---------- DATA SUPPLIED

lemma polar_momenta_has_derivative:
  fixes xd yd r \<theta> :: "real \<Rightarrow> real"
  assumes xd': "(xd has_real_derivative xdd) (at t)" and yd': "(yd has_real_derivative ydd) (at t)"
    and r': "(r has_real_derivative rd) (at t)" and \<theta>': "(\<theta> has_real_derivative w) (at t)"
    and xd: "xd t = rd * cos (\<theta> t) - r t * sin (\<theta> t) * w"
    and yd: "yd t = rd * sin (\<theta> t) + r t * cos (\<theta> t) * w"
  shows "((\<lambda>s. xd s * cos (\<theta> s) + yd s * sin (\<theta> s)) has_real_derivative
           xdd * cos (\<theta> t) + ydd * sin (\<theta> t) + r t * w\<^sup>2) (at t)"
    and "((\<lambda>s. r s * (yd s * cos (\<theta> s) - xd s * sin (\<theta> s))) has_real_derivative
           r t * (ydd * cos (\<theta> t) - xdd * sin (\<theta> t))) (at t)"
proof -
  have "((\<lambda>s. xd s * cos (\<theta> s) + yd s * sin (\<theta> s)) has_real_derivative
           xdd * cos (\<theta> t) + ydd * sin (\<theta> t) + r t * w\<^sup>2 * ((sin (\<theta> t))\<^sup>2 + (cos (\<theta> t))\<^sup>2)) (at t)"
    by (rule derivative_eq_intros xd' yd' \<theta>' refl)+
      (simp add: xd yd algebra_simps power2_eq_square
        del: sin_cos_squared_add sin_cos_squared_add2 sin_cos_squared_add3)
  then show "((\<lambda>s. xd s * cos (\<theta> s) + yd s * sin (\<theta> s)) has_real_derivative
           xdd * cos (\<theta> t) + ydd * sin (\<theta> t) + r t * w\<^sup>2) (at t)"
    by simp
  show "((\<lambda>s. r s * (yd s * cos (\<theta> s) - xd s * sin (\<theta> s))) has_real_derivative
           r t * (ydd * cos (\<theta> t) - xdd * sin (\<theta> t))) (at t)"
    by (rule derivative_eq_intros xd' yd' r' \<theta>' refl)+ (simp add: xd yd algebra_simps)
qed

lemma polar_momenta_eq:
  fixes xd yd rd \<rho> w \<phi> :: real
  assumes "xd = rd * cos \<phi> - \<rho> * sin \<phi> * w" "yd = rd * sin \<phi> + \<rho> * cos \<phi> * w"
  shows "xd * cos \<phi> + yd * sin \<phi> = rd" and "\<rho> * (yd * cos \<phi> - xd * sin \<phi>) = \<rho>\<^sup>2 * w"
proof -
  have "xd * cos \<phi> + yd * sin \<phi> = rd * ((sin \<phi>)\<^sup>2 + (cos \<phi>)\<^sup>2)"
    unfolding assms by algebra
  then show "xd * cos \<phi> + yd * sin \<phi> = rd"
    by simp
  have "\<rho> * (yd * cos \<phi> - xd * sin \<phi>) = \<rho>\<^sup>2 * w * ((sin \<phi>)\<^sup>2 + (cos \<phi>)\<^sup>2)"
    unfolding assms by algebra
  then show "\<rho> * (yd * cos \<phi> - xd * sin \<phi>) = \<rho>\<^sup>2 * w"
    by simp
qed

lemma polar_hamilton_equations:
  fixes V :: "real \<Rightarrow> real \<Rightarrow> real" and g xd yd r \<theta> :: "real \<Rightarrow> real"
  assumes V_polar: "\<forall>\<rho>>0. \<forall>\<phi>\<in>I. V (\<rho> * cos \<phi>) (\<rho> * sin \<phi>) = g \<phi> / \<rho>\<^sup>2"
    and "open I" "\<theta> t \<in> I" "r t > 0" and g': "(g has_real_derivative g') (at (\<theta> t))"
    and xd': "(xd has_real_derivative xdd) (at t)" and yd': "(yd has_real_derivative ydd) (at t)"
    and r': "(r has_real_derivative rd) (at t)" and \<theta>': "(\<theta> has_real_derivative w) (at t)"
    and vel: "xd t = rd * cos (\<theta> t) - r t * sin (\<theta> t) * w"
      "yd t = rd * sin (\<theta> t) + r t * cos (\<theta> t) * w"
    and newton: "xdd = - deriv (\<lambda>u. V u (r t * sin (\<theta> t))) (r t * cos (\<theta> t))"
      "ydd = - deriv (\<lambda>v. V (r t * cos (\<theta> t)) v) (r t * sin (\<theta> t))"
  shows "((\<lambda>s. xd s * cos (\<theta> s) + yd s * sin (\<theta> s)) has_real_derivative
           ((r t)\<^sup>2 * w)\<^sup>2 / r t ^ 3 + 2 * g (\<theta> t) / r t ^ 3) (at t)"
    and "((\<lambda>s. r s * (yd s * cos (\<theta> s) - xd s * sin (\<theta> s))) has_real_derivative
           - g' / (r t)\<^sup>2) (at t)"
proof -
  note forces = polar_potential_force_components[OF V_polar \<open>open I\<close> \<open>\<theta> t \<in> I\<close> \<open>r t > 0\<close> g']
  have radial: "xdd * cos (\<theta> t) + ydd * sin (\<theta> t) = 2 * g (\<theta> t) / r t ^ 3"
    and angular: "ydd * cos (\<theta> t) - xdd * sin (\<theta> t) = - g' / r t ^ 3"
    using forces unfolding newton by linarith+
  show "((\<lambda>s. xd s * cos (\<theta> s) + yd s * sin (\<theta> s)) has_real_derivative
           ((r t)\<^sup>2 * w)\<^sup>2 / r t ^ 3 + 2 * g (\<theta> t) / r t ^ 3) (at t)"
    using polar_momenta_has_derivative(1)[OF xd' yd' r' \<theta>' vel]
    by (rule DERIV_cong) (use \<open>r t > 0\<close> in \<open>simp add: radial power2_eq_square power3_eq_cube\<close>)
  show "((\<lambda>s. r s * (yd s * cos (\<theta> s) - xd s * sin (\<theta> s))) has_real_derivative
           - g' / (r t)\<^sup>2) (at t)"
    using polar_momenta_has_derivative(2)[OF xd' yd' r' \<theta>' vel]
    by (rule DERIV_cong) (use \<open>r t > 0\<close> in \<open>simp add: angular power2_eq_square power3_eq_cube\<close>)
qed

--------------------

* ASSIGNMENT *
Every line of the data must be written out again word for word.

* RESPONSE *
lemma polar_momenta_has_derivative:
  fixes xd yd r \<theta> :: "real \<Rightarrow> real"
  assumes xd': "(xd has_real_derivative xdd) (at t)" and yd': "(yd has_real_derivative ydd) (at t)"
    and r': "(r has_real_derivative rd) (at t)" and \<theta>': "(\<theta> has_real_derivative w) (at t)"
    and xd: "xd t = rd * cos (\<theta> t) - r t * sin (\<theta> t) * w"
    and yd: "yd t = rd * sin (\<theta> t) + r t * cos (\<theta> t) * w"
  shows "((\<lambda>s. xd s * cos (\<theta> s) + yd s * sin (\<theta> s)) has_real_derivative
           xdd * cos (\<theta> t) + ydd * sin (\<theta> t) + r t * w\<^sup>2) (at t)"
    and "((\<lambda>s. r s * (yd s * cos (\<theta> s) - xd s * sin (\<theta> s))) has_real_derivative
           r t * (ydd * cos (\<theta> t) - xdd * sin (\<theta> t))) (at t)"
proof -
  have "((\<lambda>s. xd s * cos (\<theta> s) + yd s * sin (\<theta> s)) has_real_derivative
           xdd * cos (\<theta> t) + ydd * sin (\<theta> t) + r t * w\<^sup>2 * ((sin (\<theta> t))\<^sup>2 + (cos (\<theta> t))\<^sup>2)) (at t)"
    by (rule derivative_eq_intros xd' yd' \<theta>' refl)+
      (simp add: xd yd algebra_simps power2_eq_square
        del: sin_cos_squared_add sin_cos_squared_add2 sin_cos_squared_add3)
  then show "((\<lambda>s. xd s * cos (\<theta> s) + yd s * sin (\<theta> s)) has_real_derivative
           xdd * cos (\<theta> t) + ydd * sin (\<theta> t) + r t * w\<^sup>2) (at t)"
    by simp
  show "((\<lambda>s. r s * (yd s * cos (\<theta> s) - xd s * sin (\<theta> s))) has_real_derivative
           r t * (ydd * cos (\<theta> t) - xdd * sin (\<theta> t))) (at t)"
    by (rule derivative_eq_intros xd' yd' r' \<theta>' refl)+ (simp add: xd yd algebra_simps)
qed

lemma polar_momenta_eq:
  fixes xd yd rd \<rho> w \<phi> :: real
  assumes "xd = rd * cos \<phi> - \<rho> * sin \<phi> * w" "yd = rd * sin \<phi> + \<rho> * cos \<phi> * w"
  shows "xd * cos \<phi> + yd * sin \<phi> = rd" and "\<rho> * (yd * cos \<phi> - xd * sin \<phi>) = \<rho>\<^sup>2 * w"
proof -
  have "xd * cos \<phi> + yd * sin \<phi> = rd * ((sin \<phi>)\<^sup>2 + (cos \<phi>)\<^sup>2)"
    unfolding assms by algebra
  then show "xd * cos \<phi> + yd * sin \<phi> = rd"
    by simp
  have "\<rho> * (yd * cos \<phi> - xd * sin \<phi>) = \<rho>\<^sup>2 * w * ((sin \<phi>)\<^sup>2 + (cos \<phi>)\<^sup>2)"
    unfolding assms by algebra
  then show "\<rho> * (yd * cos \<phi> - xd * sin \<phi>) = \<rho>\<^sup>2 * w"
    by simp
qed

lemma polar_hamilton_equations:
  fixes V :: "real \<Rightarrow> real \<Rightarrow> real" and g xd yd r \<theta> :: "real \<Rightarrow> real"
  assumes V_polar: "\<forall>\<rho>>0. \<forall>\<phi>\<in>I. V (\<rho> * cos \<phi>) (\<rho> * sin \<phi>) = g \<phi> / \<rho>\<^sup>2"
    and "open I" "\<theta> t \<in> I" "r t > 0" and g': "(g has_real_derivative g') (at (\<theta> t))"
    and xd': "(xd has_real_derivative xdd) (at t)" and yd': "(yd has_real_derivative ydd) (at t)"
    and r': "(r has_real_derivative rd) (at t)" and \<theta>': "(\<theta> has_real_derivative w) (at t)"
    and vel: "xd t = rd * cos (\<theta> t) - r t * sin (\<theta> t) * w"
      "yd t = rd * sin (\<theta> t) + r t * cos (\<theta> t) * w"
    and newton: "xdd = - deriv (\<lambda>u. V u (r t * sin (\<theta> t))) (r t * cos (\<theta> t))"
      "ydd = - deriv (\<lambda>v. V (r t * cos (\<theta> t)) v) (r t * sin (\<theta> t))"
  shows "((\<lambda>s. xd s * cos (\<theta> s) + yd s * sin (\<theta> s)) has_real_derivative
           ((r t)\<^sup>2 * w)\<^sup>2 / r t ^ 3 + 2 * g (\<theta> t) / r t ^ 3) (at t)"
    and "((\<lambda>s. r s * (yd s * cos (\<theta> s) - xd s * sin (\<theta> s))) has_real_derivative
           - g' / (r t)\<^sup>2) (at t)"
proof -
  note forces = polar_potential_force_components[OF V_polar \<open>open I\<close> \<open>\<theta> t \<in> I\<close> \<open>r t > 0\<close> g']
  have radial: "xdd * cos (\<theta> t) + ydd * sin (\<theta> t) = 2 * g (\<theta> t) / r t ^ 3"
    and angular: "ydd * cos (\<theta> t) - xdd * sin (\<theta> t) = - g' / r t ^ 3"
    using forces unfolding newton by linarith+
  show "((\<lambda>s. xd s * cos (\<theta> s) + yd s * sin (\<theta> s)) has_real_derivative
           ((r t)\<^sup>2 * w)\<^sup>2 / r t ^ 3 + 2 * g (\<theta> t) / r t ^ 3) (at t)"
    using polar_momenta_has_derivative(1)[OF xd' yd' r' \<theta>' vel]
    by (rule DERIV_cong) (use \<open>r t > 0\<close> in \<open>simp add: radial power2_eq_square power3_eq_cube\<close>)
  show "((\<lambda>s. r s * (yd s * cos (\<theta> s) - xd s * sin (\<theta> s))) has_real_derivative
           - g' / (r t)\<^sup>2) (at t)"
    using polar_momenta_has_derivative(2)[OF xd' yd' r' \<theta>' vel]
    by (rule DERIV_cong) (use \<open>r t > 0\<close> in \<open>simp add: angular power2_eq_square power3_eq_cube\<close>)
qed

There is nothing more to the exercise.